- EXERCISE DESCRIPTION
How many lines in the data that follows contain the word "where"? Only that number is needed.

[Records contained in a dataset]
---+---
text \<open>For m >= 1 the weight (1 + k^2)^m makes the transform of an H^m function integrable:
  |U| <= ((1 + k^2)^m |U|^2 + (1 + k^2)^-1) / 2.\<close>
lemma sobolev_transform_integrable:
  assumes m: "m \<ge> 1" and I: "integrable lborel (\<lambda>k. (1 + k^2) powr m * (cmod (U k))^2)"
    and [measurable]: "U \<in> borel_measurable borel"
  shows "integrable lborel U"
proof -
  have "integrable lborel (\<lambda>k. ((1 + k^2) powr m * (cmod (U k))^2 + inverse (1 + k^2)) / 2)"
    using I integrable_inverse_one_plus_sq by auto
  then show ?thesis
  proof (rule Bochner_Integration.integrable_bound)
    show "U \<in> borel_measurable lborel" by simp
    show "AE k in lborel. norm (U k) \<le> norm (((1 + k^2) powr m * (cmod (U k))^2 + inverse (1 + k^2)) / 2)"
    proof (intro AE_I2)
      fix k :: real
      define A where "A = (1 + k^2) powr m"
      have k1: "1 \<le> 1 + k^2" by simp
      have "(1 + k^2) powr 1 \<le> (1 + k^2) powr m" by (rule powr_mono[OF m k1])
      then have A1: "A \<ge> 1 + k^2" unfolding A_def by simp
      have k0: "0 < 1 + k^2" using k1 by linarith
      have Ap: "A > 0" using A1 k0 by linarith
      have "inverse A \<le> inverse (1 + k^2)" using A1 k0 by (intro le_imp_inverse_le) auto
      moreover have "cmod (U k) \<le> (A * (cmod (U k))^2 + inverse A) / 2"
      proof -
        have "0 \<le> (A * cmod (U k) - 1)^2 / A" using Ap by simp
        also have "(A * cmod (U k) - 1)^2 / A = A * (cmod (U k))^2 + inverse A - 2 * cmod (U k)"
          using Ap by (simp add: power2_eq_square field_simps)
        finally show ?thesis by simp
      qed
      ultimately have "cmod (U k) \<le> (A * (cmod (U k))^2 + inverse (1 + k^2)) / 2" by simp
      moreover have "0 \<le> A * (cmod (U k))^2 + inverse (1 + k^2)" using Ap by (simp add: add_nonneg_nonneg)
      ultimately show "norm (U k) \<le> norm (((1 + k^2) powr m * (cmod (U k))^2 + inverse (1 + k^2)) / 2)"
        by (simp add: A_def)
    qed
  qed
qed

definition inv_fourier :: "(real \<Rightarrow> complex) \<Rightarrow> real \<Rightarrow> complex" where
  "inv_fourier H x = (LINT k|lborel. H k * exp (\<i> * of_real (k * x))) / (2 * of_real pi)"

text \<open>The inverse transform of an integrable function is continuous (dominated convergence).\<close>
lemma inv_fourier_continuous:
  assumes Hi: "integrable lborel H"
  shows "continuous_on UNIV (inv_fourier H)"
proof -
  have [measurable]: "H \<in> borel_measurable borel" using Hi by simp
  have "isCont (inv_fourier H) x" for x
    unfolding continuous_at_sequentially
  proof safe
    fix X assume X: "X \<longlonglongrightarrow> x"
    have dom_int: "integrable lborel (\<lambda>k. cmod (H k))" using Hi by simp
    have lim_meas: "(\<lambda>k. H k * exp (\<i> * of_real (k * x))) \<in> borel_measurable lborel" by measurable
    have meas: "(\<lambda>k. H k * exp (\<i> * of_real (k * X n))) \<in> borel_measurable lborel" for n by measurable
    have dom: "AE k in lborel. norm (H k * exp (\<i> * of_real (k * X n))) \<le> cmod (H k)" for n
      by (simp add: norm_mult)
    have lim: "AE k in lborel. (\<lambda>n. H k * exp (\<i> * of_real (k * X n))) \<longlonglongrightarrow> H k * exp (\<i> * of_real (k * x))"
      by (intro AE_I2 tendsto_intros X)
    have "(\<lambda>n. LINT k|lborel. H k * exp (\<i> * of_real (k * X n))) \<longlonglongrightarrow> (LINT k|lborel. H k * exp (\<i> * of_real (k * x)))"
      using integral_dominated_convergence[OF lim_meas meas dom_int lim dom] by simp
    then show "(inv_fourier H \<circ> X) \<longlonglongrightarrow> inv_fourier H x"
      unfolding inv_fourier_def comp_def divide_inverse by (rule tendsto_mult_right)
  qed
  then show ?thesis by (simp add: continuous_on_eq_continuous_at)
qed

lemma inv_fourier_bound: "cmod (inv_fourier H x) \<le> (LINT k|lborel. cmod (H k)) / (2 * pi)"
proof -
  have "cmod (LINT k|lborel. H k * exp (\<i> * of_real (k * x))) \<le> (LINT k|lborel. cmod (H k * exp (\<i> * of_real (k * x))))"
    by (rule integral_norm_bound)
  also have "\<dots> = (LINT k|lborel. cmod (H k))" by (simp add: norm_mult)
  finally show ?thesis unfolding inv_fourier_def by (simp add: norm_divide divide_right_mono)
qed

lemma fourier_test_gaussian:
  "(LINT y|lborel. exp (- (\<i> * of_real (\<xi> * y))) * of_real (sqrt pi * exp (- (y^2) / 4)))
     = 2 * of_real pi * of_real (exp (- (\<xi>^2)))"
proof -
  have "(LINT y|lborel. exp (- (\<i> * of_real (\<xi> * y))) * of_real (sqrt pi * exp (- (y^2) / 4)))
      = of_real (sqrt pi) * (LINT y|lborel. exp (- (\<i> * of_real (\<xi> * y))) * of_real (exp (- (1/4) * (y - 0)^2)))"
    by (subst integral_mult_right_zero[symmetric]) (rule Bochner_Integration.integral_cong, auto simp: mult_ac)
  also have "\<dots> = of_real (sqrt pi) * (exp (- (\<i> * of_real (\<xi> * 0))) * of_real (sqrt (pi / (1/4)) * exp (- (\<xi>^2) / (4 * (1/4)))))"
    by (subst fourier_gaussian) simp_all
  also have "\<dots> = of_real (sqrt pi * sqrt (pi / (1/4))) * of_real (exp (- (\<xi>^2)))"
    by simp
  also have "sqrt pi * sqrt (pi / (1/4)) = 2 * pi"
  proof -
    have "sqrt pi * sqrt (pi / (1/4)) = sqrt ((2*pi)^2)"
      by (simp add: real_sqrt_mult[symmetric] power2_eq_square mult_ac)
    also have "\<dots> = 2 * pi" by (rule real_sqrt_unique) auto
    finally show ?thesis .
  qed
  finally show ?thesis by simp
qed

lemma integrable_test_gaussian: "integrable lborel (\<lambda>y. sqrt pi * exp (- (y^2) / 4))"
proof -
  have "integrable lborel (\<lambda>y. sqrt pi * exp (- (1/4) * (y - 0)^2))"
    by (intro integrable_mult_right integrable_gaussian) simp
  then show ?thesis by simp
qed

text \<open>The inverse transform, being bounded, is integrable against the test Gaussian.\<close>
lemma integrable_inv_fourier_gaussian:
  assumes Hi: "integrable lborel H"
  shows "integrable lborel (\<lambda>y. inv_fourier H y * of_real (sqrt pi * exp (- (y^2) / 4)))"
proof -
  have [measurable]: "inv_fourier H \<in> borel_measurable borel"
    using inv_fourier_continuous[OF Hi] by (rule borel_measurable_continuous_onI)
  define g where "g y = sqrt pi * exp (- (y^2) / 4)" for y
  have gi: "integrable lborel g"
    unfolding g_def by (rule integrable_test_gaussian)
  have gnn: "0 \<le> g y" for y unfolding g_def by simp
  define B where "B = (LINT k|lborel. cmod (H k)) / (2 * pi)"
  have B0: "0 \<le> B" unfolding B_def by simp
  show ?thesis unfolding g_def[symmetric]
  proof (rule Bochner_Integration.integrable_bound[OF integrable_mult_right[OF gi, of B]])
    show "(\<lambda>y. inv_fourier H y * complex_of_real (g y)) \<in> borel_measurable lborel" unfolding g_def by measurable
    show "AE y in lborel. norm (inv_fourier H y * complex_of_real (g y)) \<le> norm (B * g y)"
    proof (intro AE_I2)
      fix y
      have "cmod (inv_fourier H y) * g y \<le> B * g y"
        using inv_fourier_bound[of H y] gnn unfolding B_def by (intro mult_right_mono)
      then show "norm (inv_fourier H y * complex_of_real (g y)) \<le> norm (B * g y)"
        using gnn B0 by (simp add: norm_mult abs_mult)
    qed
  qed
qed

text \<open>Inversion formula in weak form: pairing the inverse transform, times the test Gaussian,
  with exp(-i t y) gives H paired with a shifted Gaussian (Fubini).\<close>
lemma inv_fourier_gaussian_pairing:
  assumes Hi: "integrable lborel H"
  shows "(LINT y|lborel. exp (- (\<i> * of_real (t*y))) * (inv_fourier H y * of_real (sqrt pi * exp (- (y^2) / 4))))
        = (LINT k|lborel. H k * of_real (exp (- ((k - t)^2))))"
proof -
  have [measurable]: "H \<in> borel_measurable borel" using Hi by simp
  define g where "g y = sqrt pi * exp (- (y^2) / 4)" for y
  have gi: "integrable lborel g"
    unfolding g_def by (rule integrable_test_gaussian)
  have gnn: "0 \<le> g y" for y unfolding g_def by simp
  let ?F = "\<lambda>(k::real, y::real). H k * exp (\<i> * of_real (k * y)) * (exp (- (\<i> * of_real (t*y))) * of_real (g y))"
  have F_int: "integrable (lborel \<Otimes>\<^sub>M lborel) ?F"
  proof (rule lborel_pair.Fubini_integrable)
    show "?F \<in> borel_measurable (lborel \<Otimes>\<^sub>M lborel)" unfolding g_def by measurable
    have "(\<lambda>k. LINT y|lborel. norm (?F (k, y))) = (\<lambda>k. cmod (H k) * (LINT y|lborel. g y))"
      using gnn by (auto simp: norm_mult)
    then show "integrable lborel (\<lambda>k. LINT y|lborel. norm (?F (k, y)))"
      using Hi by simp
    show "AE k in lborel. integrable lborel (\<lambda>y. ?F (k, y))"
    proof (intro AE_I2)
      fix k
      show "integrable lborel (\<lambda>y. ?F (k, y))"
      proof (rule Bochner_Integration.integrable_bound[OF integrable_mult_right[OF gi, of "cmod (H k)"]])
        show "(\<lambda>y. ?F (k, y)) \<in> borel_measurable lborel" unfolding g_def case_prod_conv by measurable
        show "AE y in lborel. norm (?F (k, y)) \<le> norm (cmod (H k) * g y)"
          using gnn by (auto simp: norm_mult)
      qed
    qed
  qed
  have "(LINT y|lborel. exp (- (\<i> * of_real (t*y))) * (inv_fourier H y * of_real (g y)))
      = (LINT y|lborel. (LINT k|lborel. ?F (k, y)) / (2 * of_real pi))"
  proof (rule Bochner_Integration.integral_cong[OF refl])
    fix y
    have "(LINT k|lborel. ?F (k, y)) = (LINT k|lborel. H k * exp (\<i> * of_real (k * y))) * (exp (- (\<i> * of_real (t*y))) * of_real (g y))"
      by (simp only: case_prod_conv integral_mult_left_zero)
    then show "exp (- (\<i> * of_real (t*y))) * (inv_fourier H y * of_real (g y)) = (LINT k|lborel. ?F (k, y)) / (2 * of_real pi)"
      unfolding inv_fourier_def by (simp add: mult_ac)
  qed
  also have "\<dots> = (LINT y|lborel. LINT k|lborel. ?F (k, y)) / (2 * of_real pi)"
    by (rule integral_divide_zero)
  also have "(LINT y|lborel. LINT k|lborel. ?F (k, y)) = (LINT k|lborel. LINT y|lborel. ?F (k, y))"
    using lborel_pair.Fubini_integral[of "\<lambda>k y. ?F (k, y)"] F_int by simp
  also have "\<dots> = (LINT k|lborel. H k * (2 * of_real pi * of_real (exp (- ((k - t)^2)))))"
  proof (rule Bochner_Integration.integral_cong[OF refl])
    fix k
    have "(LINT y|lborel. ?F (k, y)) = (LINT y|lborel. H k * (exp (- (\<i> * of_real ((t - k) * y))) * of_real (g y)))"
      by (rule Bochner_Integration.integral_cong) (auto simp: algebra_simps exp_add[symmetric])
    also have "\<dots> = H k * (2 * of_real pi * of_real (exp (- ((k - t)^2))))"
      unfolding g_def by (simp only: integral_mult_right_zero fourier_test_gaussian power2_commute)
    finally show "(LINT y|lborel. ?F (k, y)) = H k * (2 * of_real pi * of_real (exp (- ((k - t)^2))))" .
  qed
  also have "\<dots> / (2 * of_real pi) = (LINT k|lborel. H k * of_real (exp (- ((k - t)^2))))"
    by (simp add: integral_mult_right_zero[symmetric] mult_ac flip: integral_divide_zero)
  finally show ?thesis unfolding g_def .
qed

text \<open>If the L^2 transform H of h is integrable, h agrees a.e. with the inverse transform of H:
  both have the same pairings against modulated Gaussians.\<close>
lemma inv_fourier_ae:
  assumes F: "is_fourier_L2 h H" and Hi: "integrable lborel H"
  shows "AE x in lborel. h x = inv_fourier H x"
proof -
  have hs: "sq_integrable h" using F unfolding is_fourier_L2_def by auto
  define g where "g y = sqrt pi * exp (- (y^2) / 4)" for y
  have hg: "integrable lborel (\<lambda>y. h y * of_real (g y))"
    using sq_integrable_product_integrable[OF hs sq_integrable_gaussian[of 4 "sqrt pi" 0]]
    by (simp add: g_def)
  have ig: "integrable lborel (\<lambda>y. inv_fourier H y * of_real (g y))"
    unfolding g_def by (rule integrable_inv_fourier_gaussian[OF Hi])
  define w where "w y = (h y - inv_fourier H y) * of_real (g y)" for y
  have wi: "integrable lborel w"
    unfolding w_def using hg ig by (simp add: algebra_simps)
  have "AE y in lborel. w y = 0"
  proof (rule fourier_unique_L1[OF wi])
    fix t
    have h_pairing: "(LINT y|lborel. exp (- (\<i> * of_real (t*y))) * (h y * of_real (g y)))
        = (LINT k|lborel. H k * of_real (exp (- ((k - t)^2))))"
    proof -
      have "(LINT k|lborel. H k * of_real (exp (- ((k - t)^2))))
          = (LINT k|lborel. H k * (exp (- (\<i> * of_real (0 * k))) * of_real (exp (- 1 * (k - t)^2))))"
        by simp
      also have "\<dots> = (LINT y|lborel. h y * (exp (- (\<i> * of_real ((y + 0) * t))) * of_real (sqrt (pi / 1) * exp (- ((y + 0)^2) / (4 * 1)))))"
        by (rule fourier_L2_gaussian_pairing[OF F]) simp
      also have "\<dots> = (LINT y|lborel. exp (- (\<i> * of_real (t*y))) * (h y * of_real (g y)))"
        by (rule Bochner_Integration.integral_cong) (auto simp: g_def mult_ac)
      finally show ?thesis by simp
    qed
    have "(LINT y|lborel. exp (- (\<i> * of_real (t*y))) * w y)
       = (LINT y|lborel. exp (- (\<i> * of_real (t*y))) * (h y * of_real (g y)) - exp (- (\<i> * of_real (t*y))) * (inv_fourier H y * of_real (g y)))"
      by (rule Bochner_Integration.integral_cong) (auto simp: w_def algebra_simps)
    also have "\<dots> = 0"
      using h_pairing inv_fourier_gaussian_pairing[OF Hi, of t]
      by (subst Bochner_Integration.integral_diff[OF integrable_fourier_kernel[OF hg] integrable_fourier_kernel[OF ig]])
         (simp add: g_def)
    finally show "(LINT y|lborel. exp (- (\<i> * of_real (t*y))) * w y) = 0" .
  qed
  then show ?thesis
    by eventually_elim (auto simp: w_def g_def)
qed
---+---
- TASK RESPONSE
7